Give back all the entries below. Omit none of them.

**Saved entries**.
== Segment start ==

(* $\Gamma_2(VP_3)/\Gamma_3(VP_3)\cong\mathbb{Z}^9$.
   Context: $VP_3$ is the group with generators $\lambda_{k,l}$, $1\le k\ne l\le 3$, and defining relations $\lambda_{k,i}\lambda_{k,j}\lambda_{i,j}=\lambda_{i,j}\lambda_{k,j}\lambda_{k,i}$ for all pairwise distinct $i,j,k\in\{1,2,3\}$. (Equivalently, it is the kernel of the homomorphism from the virtual braid group $VB_3$ to $S_3$ sending both $\sigma_i$ and $\rho_i$ to the transposition $(i\ i{+}1)$.) For a group $G$, $\Gamma_1(G)=G$, $\Gamma_i(G)=[\Gamma_{i-1}(G),G]$. *)

theory Defs
  imports "HOL-Algebra.Algebra"
begin

text \<open>A letter is a generator together with a sign (True = the generator, False = its inverse).\<close>

inductive pres_eq :: "'g set \<Rightarrow> (('g \<times> bool) list \<times> ('g \<times> bool) list) set
    \<Rightarrow> ('g \<times> bool) list \<Rightarrow> ('g \<times> bool) list \<Rightarrow> bool"
  for S R where
  refl: "set w \<subseteq> S \<times> UNIV \<Longrightarrow> pres_eq S R w w"
| sym: "pres_eq S R w w' \<Longrightarrow> pres_eq S R w' w"
| trans: "pres_eq S R w1 w2 \<Longrightarrow> pres_eq S R w2 w3 \<Longrightarrow> pres_eq S R w1 w3"
| cancel: "set u \<subseteq> S \<times> UNIV \<Longrightarrow> set v \<subseteq> S \<times> UNIV \<Longrightarrow> a \<in> S \<Longrightarrow>
     pres_eq S R (u @ [(a, b), (a, \<not> b)] @ v) (u @ v)"
| rel: "(l, r) \<in> R \<Longrightarrow> set u \<subseteq> S \<times> UNIV \<Longrightarrow> set v \<subseteq> S \<times> UNIV \<Longrightarrow>
     pres_eq S R (u @ l @ v) (u @ r @ v)"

== Segment end ==

**RESPONSE TO THE TASK**.
(* $\Gamma_2(VP_3)/\Gamma_3(VP_3)\cong\mathbb{Z}^9$.
   Context: $VP_3$ is the group with generators $\lambda_{k,l}$, $1\le k\ne l\le 3$, and defining relations $\lambda_{k,i}\lambda_{k,j}\lambda_{i,j}=\lambda_{i,j}\lambda_{k,j}\lambda_{k,i}$ for all pairwise distinct $i,j,k\in\{1,2,3\}$. (Equivalently, it is the kernel of the homomorphism from the virtual braid group $VB_3$ to $S_3$ sending both $\sigma_i$ and $\rho_i$ to the transposition $(i\ i{+}1)$.) For a group $G$, $\Gamma_1(G)=G$, $\Gamma_i(G)=[\Gamma_{i-1}(G),G]$. *)

theory Defs
  imports "HOL-Algebra.Algebra"
begin

text \<open>A letter is a generator together with a sign (True = the generator, False = its inverse).\<close>

inductive pres_eq :: "'g set \<Rightarrow> (('g \<times> bool) list \<times> ('g \<times> bool) list) set
    \<Rightarrow> ('g \<times> bool) list \<Rightarrow> ('g \<times> bool) list \<Rightarrow> bool"
  for S R where
  refl: "set w \<subseteq> S \<times> UNIV \<Longrightarrow> pres_eq S R w w"
| sym: "pres_eq S R w w' \<Longrightarrow> pres_eq S R w' w"
| trans: "pres_eq S R w1 w2 \<Longrightarrow> pres_eq S R w2 w3 \<Longrightarrow> pres_eq S R w1 w3"
| cancel: "set u \<subseteq> S \<times> UNIV \<Longrightarrow> set v \<subseteq> S \<times> UNIV \<Longrightarrow> a \<in> S \<Longrightarrow>
     pres_eq S R (u @ [(a, b), (a, \<not> b)] @ v) (u @ v)"
| rel: "(l, r) \<in> R \<Longrightarrow> set u \<subseteq> S \<times> UNIV \<Longrightarrow> set v \<subseteq> S \<times> UNIV \<Longrightarrow>
     pres_eq S R (u @ l @ v) (u @ r @ v)"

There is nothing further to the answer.